TO DO:
Return only the number of lines in the entries below that hold the word "finally".
————————
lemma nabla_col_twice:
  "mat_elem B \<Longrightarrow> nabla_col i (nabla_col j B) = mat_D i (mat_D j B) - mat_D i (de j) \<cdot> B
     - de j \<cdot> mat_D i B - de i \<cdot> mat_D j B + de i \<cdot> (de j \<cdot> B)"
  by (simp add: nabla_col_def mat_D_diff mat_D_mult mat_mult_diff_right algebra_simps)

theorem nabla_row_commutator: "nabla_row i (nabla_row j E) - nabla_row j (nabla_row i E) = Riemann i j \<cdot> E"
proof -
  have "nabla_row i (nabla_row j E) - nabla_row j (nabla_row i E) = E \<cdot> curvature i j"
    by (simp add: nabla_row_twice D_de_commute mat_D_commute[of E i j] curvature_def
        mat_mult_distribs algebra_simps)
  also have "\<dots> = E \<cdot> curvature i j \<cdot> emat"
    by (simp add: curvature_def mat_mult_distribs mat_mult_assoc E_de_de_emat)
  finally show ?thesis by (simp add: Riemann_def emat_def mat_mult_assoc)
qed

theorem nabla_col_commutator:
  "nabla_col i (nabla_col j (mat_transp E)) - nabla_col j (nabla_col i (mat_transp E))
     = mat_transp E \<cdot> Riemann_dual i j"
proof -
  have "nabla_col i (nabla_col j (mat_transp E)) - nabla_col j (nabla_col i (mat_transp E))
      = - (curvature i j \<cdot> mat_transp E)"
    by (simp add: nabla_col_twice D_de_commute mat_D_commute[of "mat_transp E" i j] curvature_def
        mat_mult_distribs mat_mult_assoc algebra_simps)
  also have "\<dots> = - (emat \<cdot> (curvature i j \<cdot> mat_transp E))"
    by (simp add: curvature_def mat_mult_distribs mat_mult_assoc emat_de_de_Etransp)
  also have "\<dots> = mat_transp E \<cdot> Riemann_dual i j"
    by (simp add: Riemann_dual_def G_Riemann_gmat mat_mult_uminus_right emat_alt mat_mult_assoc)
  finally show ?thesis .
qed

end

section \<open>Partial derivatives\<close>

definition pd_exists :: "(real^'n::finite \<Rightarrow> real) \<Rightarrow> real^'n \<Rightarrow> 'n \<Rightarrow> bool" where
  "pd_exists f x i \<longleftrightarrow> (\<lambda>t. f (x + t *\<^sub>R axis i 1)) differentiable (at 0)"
————————
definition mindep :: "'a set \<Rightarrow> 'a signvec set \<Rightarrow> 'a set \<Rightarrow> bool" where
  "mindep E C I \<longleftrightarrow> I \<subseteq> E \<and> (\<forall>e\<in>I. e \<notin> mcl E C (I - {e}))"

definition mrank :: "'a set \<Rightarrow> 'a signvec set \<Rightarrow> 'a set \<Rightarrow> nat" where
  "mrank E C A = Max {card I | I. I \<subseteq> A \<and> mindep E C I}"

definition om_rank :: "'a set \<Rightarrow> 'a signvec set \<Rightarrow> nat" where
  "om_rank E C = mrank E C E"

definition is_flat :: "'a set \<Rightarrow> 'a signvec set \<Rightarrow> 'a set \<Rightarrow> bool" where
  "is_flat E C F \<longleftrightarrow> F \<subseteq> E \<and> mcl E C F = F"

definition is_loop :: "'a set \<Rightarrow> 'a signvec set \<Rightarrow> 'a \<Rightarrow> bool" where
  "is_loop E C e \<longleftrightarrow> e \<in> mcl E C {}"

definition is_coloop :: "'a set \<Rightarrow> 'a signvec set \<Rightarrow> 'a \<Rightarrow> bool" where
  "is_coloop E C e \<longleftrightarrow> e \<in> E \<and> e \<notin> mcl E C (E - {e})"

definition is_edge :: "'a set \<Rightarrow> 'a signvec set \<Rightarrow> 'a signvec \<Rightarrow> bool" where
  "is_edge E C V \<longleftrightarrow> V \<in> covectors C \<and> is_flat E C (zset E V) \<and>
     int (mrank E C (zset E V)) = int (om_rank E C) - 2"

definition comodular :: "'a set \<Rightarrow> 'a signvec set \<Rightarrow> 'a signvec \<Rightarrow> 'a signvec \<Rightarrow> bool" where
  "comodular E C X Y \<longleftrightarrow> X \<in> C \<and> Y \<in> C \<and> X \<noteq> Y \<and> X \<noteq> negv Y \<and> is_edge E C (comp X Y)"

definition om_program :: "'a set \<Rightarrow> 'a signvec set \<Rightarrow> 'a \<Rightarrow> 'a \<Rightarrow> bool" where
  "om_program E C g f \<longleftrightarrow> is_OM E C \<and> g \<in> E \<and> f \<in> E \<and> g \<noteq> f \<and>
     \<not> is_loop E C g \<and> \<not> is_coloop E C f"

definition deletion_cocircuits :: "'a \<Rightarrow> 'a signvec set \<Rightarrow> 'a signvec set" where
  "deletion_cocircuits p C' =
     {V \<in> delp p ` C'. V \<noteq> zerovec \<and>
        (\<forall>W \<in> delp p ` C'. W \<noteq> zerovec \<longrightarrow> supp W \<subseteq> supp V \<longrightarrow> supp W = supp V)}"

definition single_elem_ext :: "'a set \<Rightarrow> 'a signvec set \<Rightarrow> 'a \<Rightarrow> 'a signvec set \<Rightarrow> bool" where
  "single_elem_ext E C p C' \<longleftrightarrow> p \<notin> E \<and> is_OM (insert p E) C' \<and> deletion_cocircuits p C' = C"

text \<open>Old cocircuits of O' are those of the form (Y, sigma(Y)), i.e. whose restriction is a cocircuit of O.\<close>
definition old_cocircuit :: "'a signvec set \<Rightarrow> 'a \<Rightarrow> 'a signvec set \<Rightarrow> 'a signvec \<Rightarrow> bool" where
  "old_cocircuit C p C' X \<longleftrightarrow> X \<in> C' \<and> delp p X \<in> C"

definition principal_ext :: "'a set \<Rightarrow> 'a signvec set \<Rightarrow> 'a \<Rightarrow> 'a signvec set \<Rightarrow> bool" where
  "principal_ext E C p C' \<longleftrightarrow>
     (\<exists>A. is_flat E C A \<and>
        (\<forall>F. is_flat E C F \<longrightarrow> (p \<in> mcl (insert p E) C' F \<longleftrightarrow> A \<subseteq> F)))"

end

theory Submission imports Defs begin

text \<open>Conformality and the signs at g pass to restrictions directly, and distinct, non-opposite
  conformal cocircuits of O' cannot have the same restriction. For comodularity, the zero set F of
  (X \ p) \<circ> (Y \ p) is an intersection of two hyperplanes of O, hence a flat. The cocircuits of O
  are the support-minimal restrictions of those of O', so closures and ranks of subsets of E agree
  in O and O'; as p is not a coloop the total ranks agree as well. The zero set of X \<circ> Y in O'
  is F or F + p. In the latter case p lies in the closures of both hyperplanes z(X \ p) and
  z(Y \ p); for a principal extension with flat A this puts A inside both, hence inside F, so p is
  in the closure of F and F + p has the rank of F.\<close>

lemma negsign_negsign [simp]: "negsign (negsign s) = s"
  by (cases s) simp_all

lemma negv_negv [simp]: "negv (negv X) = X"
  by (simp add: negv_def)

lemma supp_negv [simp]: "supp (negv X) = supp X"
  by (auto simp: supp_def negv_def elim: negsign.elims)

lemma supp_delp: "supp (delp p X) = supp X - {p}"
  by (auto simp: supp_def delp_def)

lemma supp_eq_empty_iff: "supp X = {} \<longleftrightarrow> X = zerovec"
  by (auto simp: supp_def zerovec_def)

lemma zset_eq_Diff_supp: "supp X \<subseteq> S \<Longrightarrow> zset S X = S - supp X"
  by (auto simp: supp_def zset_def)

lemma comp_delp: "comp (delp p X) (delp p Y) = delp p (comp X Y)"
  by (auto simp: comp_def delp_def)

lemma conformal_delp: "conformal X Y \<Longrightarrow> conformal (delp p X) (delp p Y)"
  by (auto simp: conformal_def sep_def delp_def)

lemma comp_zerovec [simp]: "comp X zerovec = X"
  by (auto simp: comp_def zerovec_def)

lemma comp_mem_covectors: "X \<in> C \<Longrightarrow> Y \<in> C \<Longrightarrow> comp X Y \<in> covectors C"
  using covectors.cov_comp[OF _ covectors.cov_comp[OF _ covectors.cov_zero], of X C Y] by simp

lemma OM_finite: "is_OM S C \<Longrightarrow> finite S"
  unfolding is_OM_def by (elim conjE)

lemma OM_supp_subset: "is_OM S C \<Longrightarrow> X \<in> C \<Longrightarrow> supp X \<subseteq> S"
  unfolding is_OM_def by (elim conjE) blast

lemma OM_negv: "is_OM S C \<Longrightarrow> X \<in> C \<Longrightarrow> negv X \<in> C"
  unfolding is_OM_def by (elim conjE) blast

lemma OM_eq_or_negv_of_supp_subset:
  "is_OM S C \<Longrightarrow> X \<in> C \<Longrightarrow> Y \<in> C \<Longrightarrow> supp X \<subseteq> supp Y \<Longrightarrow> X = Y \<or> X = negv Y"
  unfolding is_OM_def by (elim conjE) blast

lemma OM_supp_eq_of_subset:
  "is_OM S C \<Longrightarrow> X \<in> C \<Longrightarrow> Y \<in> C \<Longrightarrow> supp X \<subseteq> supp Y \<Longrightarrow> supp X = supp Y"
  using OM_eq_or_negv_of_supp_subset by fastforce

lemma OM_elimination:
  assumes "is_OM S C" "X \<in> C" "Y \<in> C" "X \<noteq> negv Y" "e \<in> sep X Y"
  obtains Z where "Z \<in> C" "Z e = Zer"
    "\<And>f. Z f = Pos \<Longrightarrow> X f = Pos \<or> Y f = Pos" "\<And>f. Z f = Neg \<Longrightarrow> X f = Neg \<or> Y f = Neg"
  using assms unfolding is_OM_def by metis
————————
ANSWER TO THE PROBLEM:
2